## Try it
Return only the lines of the listing below that run from the line with "by (simp add: dot_lmul_matrix)" through the line with "using that assms(1-3) unfolding V'_def", both ends included, exactly as written.
-- Opening Marker --
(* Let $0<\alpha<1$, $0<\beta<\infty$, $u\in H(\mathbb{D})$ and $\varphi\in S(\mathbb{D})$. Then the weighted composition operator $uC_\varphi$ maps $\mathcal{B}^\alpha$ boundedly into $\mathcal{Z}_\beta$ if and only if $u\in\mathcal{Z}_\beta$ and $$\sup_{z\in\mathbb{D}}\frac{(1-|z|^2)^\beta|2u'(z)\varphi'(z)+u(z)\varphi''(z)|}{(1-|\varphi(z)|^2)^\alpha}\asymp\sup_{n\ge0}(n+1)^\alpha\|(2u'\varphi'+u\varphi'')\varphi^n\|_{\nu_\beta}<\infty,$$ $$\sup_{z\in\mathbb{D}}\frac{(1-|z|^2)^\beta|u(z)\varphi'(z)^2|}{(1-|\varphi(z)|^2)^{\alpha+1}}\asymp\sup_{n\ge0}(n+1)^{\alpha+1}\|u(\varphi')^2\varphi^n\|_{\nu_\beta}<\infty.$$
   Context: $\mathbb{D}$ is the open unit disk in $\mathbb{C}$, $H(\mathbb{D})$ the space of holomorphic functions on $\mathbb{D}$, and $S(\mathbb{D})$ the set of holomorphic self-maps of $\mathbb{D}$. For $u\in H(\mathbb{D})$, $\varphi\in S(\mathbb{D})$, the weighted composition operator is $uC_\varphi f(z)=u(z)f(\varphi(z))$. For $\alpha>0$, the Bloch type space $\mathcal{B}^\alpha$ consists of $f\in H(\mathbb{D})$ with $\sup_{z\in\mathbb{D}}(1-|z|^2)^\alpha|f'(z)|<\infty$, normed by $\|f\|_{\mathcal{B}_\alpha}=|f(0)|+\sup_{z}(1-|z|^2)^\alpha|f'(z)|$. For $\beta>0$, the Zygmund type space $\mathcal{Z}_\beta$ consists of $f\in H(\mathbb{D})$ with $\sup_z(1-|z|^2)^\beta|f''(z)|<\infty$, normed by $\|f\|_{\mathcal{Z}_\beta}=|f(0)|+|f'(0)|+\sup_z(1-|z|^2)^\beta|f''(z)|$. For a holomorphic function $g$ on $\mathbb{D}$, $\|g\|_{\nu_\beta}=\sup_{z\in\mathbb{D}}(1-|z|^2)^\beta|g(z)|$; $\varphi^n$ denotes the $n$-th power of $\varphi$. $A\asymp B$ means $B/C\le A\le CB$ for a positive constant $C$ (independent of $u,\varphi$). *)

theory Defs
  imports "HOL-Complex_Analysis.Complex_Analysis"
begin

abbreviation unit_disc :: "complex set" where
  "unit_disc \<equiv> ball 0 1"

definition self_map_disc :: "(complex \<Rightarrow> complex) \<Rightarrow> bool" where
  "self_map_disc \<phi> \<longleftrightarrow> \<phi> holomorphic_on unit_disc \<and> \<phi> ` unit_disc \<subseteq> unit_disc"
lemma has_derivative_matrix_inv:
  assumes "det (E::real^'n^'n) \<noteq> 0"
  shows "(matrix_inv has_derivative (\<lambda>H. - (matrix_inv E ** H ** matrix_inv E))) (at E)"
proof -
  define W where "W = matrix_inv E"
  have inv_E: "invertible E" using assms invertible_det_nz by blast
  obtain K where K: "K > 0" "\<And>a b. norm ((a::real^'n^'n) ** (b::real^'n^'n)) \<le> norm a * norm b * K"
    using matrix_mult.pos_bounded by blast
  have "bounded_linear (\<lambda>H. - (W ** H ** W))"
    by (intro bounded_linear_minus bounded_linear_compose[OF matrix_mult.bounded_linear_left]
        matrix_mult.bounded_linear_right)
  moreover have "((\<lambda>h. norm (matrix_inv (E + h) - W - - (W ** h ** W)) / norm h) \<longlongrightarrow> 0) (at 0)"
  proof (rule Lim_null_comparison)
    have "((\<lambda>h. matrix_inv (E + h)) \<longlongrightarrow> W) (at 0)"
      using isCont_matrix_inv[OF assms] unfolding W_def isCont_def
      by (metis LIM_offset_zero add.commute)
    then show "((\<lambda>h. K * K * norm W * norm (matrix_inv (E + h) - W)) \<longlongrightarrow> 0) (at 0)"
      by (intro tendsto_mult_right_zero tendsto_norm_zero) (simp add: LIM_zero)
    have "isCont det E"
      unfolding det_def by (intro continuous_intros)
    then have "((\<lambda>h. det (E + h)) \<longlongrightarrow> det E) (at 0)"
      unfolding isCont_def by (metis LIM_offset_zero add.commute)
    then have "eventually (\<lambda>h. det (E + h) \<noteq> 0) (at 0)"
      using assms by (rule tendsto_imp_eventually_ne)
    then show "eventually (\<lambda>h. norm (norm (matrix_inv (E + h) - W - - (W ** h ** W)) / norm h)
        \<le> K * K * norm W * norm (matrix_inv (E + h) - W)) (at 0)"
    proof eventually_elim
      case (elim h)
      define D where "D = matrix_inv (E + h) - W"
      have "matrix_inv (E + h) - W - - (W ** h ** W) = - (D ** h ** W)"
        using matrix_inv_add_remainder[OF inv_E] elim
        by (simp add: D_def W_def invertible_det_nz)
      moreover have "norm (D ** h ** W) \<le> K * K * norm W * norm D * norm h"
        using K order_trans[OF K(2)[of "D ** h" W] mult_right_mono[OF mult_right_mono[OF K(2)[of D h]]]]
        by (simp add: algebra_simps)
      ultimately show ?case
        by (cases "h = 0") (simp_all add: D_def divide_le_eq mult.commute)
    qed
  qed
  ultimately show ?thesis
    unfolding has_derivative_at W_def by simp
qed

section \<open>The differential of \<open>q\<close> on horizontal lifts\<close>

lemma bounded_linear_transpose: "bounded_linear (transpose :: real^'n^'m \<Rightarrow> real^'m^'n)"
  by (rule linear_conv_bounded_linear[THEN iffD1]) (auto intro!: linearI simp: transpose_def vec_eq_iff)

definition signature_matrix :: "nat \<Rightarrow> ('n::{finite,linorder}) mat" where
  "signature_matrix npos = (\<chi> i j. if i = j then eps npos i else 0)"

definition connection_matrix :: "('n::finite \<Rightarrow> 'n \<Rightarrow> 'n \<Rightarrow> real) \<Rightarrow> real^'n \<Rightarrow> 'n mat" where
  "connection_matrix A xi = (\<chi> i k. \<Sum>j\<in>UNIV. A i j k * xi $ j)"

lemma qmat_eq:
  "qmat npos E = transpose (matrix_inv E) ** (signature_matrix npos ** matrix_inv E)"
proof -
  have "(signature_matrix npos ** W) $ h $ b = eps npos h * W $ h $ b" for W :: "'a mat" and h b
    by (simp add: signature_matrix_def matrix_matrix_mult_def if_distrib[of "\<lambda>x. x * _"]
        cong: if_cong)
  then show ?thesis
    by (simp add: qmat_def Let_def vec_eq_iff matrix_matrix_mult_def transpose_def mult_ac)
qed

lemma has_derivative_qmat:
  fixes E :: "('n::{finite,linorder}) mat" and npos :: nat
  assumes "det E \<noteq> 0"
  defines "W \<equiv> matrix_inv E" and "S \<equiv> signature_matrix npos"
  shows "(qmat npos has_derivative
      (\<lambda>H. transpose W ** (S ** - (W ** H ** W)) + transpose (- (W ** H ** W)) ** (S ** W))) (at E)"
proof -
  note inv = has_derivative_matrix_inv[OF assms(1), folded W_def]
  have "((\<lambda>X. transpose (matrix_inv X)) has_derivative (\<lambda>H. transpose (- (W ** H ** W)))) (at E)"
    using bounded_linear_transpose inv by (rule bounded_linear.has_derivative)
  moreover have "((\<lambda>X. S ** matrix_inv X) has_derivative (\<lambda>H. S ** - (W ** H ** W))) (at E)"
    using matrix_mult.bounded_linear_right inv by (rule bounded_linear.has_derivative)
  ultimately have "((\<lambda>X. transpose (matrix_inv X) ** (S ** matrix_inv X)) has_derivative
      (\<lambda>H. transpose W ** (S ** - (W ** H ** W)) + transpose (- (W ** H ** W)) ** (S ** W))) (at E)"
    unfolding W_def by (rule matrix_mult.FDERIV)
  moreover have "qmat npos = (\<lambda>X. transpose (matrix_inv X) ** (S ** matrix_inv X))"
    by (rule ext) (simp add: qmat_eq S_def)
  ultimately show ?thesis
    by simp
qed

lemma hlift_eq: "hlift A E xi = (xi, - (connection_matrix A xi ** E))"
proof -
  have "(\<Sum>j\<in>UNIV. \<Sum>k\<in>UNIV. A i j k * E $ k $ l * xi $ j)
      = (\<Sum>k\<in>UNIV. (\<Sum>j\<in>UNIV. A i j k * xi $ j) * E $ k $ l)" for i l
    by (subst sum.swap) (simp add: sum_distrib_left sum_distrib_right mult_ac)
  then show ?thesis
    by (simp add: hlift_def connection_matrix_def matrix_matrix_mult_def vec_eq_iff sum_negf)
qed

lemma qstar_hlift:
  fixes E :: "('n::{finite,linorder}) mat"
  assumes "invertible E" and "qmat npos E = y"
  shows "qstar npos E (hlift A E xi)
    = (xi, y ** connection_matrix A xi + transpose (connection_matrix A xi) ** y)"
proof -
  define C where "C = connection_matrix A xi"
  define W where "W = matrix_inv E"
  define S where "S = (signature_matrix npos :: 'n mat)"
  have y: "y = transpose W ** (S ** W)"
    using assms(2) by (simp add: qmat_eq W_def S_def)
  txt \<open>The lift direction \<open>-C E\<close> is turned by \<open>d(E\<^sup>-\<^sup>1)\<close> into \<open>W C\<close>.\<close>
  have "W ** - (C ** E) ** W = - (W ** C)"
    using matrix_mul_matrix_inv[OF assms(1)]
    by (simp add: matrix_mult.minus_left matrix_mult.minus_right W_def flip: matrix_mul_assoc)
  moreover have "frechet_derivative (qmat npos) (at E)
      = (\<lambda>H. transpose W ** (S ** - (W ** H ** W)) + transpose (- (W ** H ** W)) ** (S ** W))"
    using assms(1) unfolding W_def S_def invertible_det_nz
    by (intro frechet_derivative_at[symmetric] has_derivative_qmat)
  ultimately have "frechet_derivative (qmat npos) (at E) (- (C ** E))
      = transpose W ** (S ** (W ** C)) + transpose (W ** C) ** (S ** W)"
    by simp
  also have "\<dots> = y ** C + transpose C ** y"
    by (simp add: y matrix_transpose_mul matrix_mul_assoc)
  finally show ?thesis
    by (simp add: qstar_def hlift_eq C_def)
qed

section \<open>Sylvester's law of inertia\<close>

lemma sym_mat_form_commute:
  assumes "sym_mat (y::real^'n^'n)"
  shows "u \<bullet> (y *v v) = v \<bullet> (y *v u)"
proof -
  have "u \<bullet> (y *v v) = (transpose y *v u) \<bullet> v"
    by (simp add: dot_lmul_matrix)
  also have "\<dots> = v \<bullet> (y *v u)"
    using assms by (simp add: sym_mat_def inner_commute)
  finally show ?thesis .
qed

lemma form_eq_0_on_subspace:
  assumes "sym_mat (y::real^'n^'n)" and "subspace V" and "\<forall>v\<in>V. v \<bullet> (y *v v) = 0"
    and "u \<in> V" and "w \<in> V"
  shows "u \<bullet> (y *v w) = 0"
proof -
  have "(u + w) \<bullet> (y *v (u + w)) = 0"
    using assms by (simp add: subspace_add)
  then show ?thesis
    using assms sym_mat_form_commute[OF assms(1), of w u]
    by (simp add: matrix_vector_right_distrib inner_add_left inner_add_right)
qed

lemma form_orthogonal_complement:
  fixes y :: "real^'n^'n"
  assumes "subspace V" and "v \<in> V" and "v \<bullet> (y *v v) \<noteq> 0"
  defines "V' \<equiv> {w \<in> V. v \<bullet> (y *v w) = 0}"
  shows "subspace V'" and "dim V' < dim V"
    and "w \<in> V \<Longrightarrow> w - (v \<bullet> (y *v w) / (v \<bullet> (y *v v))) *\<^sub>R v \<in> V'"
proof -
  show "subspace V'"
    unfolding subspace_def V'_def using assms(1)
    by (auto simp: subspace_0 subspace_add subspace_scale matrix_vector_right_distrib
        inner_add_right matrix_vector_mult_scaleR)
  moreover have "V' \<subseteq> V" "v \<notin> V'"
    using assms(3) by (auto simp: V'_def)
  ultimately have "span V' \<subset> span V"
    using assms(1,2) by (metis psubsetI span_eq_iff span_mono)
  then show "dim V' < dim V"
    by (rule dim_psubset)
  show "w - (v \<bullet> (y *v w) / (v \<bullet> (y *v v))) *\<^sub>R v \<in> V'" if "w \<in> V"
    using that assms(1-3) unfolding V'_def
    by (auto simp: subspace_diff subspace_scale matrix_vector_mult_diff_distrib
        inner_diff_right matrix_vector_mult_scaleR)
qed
-- Closing Marker --
## Your solution
    by (simp add: dot_lmul_matrix)
  also have "\<dots> = v \<bullet> (y *v u)"
    using assms by (simp add: sym_mat_def inner_commute)
  finally show ?thesis .
qed

lemma form_eq_0_on_subspace:
  assumes "sym_mat (y::real^'n^'n)" and "subspace V" and "\<forall>v\<in>V. v \<bullet> (y *v v) = 0"
    and "u \<in> V" and "w \<in> V"
  shows "u \<bullet> (y *v w) = 0"
proof -
  have "(u + w) \<bullet> (y *v (u + w)) = 0"
    using assms by (simp add: subspace_add)
  then show ?thesis
    using assms sym_mat_form_commute[OF assms(1), of w u]
    by (simp add: matrix_vector_right_distrib inner_add_left inner_add_right)
qed

lemma form_orthogonal_complement:
  fixes y :: "real^'n^'n"
  assumes "subspace V" and "v \<in> V" and "v \<bullet> (y *v v) \<noteq> 0"
  defines "V' \<equiv> {w \<in> V. v \<bullet> (y *v w) = 0}"
  shows "subspace V'" and "dim V' < dim V"
    and "w \<in> V \<Longrightarrow> w - (v \<bullet> (y *v w) / (v \<bullet> (y *v v))) *\<^sub>R v \<in> V'"
proof -
  show "subspace V'"
    unfolding subspace_def V'_def using assms(1)
    by (auto simp: subspace_0 subspace_add subspace_scale matrix_vector_right_distrib
        inner_add_right matrix_vector_mult_scaleR)
  moreover have "V' \<subseteq> V" "v \<notin> V'"
    using assms(3) by (auto simp: V'_def)
  ultimately have "span V' \<subset> span V"
    using assms(1,2) by (metis psubsetI span_eq_iff span_mono)
  then show "dim V' < dim V"
    by (rule dim_psubset)
  show "w - (v \<bullet> (y *v w) / (v \<bullet> (y *v v))) *\<^sub>R v \<in> V'" if "w \<in> V"
    using that assms(1-3) unfolding V'_def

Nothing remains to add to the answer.